2.	BIC/SIC(Bayesian (Schwarz) Information Criterion)   
a.	Consistent  
b.	not asymptotically efficient  
**stats::BIC(fit)**  
where fit is the a fitted model object   
Both AIC and BIC are the smaller the better.   

### Summary

#### Steps
The full model includes a trend, seasonal dummies, and cyclical dynamics
For a given visualized data:   
  a.	Extract the trend and seasonality (stl)  
  b.	ACF & PACF, Remove any possible dynamics(tsdisplay, auto.arima)  
  c.	Check if the residuals looks like a white noise  

#### Residuals vs White Noise

```{r}
#this fit is following the last chunk
tsdisplay(resid(fit))
forecast::checkresiduals(fit)
```

Note:  
1. Object in resid() can be either a time series model, a forecast object, or a time series (assumed to be residuals).  
2. In the new graph, the scale of ACF and PACF is significantly smaller, thus we have removed some of the dynamics.  

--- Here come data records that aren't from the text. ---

theorem mainTheorem5:
  fixes r :: nat and e :: "nat \<Rightarrow> int" and \<beta> :: real
  assumes "1 \<le> r"
  shows "\<exists>C K. \<forall>x::real. x \<ge> 2 \<longrightarrow>
     \<bar>(\<Sum>n=1..nat \<lfloor>x\<rfloor>. jordan_quot r e n * real n powr \<beta>)
        - sing_series r e * Mfun (\<beta> + real_of_int (weight r e)) x - C\<bar>
     \<le> K * x powr (\<beta> + real_of_int (weight r e)) * ln x ^ nat \<bar>e 1\<bar>"
proof -
  obtain K where "log_bounded_weights (jordan_coeff r e) (nat \<bar>e 1\<bar>) K"
    using sum_abs_jordan_coeff_le[OF assms] unfolding log_bounded_weights_def by blast
  then interpret log_bounded_weights "jordan_coeff r e" "nat \<bar>e 1\<bar>" K .
  have "sing_series r e = recip_series"
    unfolding sing_series_eq_lim
    using euler_product_tendsto_recip_series[OF jordan_coeff_multiplicative] by (rule limI)
  moreover obtain C B where "\<And>x. 2 \<le> x \<Longrightarrow>
      \<bar>(\<Sum>P\<in>prime_sets (nat \<lfloor>x\<rfloor>). jordan_coeff r e P *
          (\<Sum>m=1..nat \<lfloor>x\<rfloor> div \<Prod>P. real (\<Prod>P * m) powr (\<beta> + real_of_int (weight r e))))
        - recip_series * Mfun (\<beta> + real_of_int (weight r e)) x - C\<bar>
      \<le> B * x powr (\<beta> + real_of_int (weight r e)) * ln x ^ nat \<bar>e 1\<bar>"
    using weighted_power_sums_asymp by blast
  ultimately show ?thesis unfolding sum_jordan_quot_eq by auto
qed
lemma diagonalizable_mat_of_real_mat_conj:
  fixes P X :: "real^'n^'n"
  assumes "invertible P" and "diagonalizable_mat (of_real_mat X :: 'a::{field, real_algebra_1}^'n^'n)"
  shows "diagonalizable_mat (of_real_mat (P ** X ** matrix_inv P) :: 'a^'n^'n)"
  using diagonalizable_mat_conj[OF invertible_of_real_mat[OF assms(1)] assms(2)]
  by (simp add: of_real_mat_mult of_real_mat_matrix_inv[OF assms(1)])

lemma diagonalizable_over_C_if_conjugate:
  fixes A B :: "int^'n^'n"
  assumes B: "SL_int B" and P: "invertible P" and A: "diagonalizable_over_C A"
    and conj: "real_mat B = P ** real_mat A ** matrix_inv P \<or>
               matrix_inv (real_mat B) = P ** real_mat A ** matrix_inv P"
  shows "diagonalizable_over_C B"
proof -
  have diag: "diagonalizable_mat (of_real_mat (P ** real_mat A ** matrix_inv P) :: complex^'n^'n)"
    using diagonalizable_mat_of_real_mat_conj[OF P] A
    by (simp add: diagonalizable_over_C_iff complex_mat_eq_of_real_mat)
  have invB: "invertible (of_real_mat (real_mat B) :: complex^'n^'n)"
    by (rule invertible_of_real_mat[OF invertible_real_mat[OF B]])
  from conj show ?thesis
  proof
    assume "real_mat B = P ** real_mat A ** matrix_inv P"
    then show ?thesis
      using diag by (simp add: diagonalizable_over_C_iff complex_mat_eq_of_real_mat)
  next
    assume "matrix_inv (real_mat B) = P ** real_mat A ** matrix_inv P"
    then have "diagonalizable_mat (matrix_inv (of_real_mat (real_mat B) :: complex^'n^'n))"
      using diag by (simp add: of_real_mat_matrix_inv[OF invertible_real_mat[OF B]])
    then have "diagonalizable_mat (matrix_inv (matrix_inv (of_real_mat (real_mat B) :: complex^'n^'n)))"
      by (rule diagonalizable_mat_matrix_inv[OF invertible_matrix_inv[OF invB]])
    then show ?thesis
      using invB by (simp add: diagonalizable_over_C_iff complex_mat_eq_of_real_mat
          matrix_inv_eqI[OF matrix_inv_left[OF invB]])
  qed
qed

theorem corollary3p3:
  fixes A B :: "int^'n^'n"
  assumes "SL_int A" and "SL_int B"
    and "\<not> has_eigenvalue_one A" and "\<not> has_eigenvalue_one B"
    and "pi1_mapping_torus A \<cong> pi1_mapping_torus B"
    and "diagonalizable_over_C A"
  shows "diagonalizable_over_C B"
proof -
  obtain \<Psi> where "\<Psi> \<in> iso (lattice_sdp A) (lattice_sdp B)"
    using lattice_sdp_iso_if_pi1_iso[OF assms(1,2,5)] by (auto simp: is_iso_def)
  then interpret lattice_sdp_iso A B \<Psi>
    using assms(1,2) by unfold_locales
  obtain P where "invertible P"
    "real_mat B = P ** real_mat A ** matrix_inv P \<or>
     matrix_inv (real_mat B) = P ** real_mat A ** matrix_inv P"
    using real_mat_conjugate[OF assms(3)] by blast
  then show ?thesis
    using diagonalizable_over_C_if_conjugate[OF assms(2) _ assms(6)] by blast
qed

end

#### Test Parameter stability  

CUSUM(Cumulative Sum of Standardized Recursive Residuals):  
Check if the CUSUM leave the confidence interval to capture the dynamics.  
Recursive Residuals: **strucchange::recresid(x, y, formula)** 

```{r}
autoplot(ts(recresid(fit$res ~ t[-1])))+
  ggtitle("The recursive residual of ARIMA(1,0,2)")+
  ylab("recursive residual")
```

Empirical Fluctuation Processes:  **efp(x, y, formula, type = "Rec-CUSUM")**

```{r}
plot(efp(fit$res ~ t[-1], type = "Rec-CUSUM"))
```

Note:  
1. In the recursive residual's visialization, we find some instability in the middle.  
2. Empirical Fluctuation Processes showed the parameter's stability is acceptable.  

### Reference:

www.rdocumentation.org

My sincere appreciation to Dr. Randall Rojas (UCLA Econ 144 19’ Spring)’s work. The general model’s idea, both data set: cangas and the tidied “w-gs1yr.txt” is from the Econ 144 class.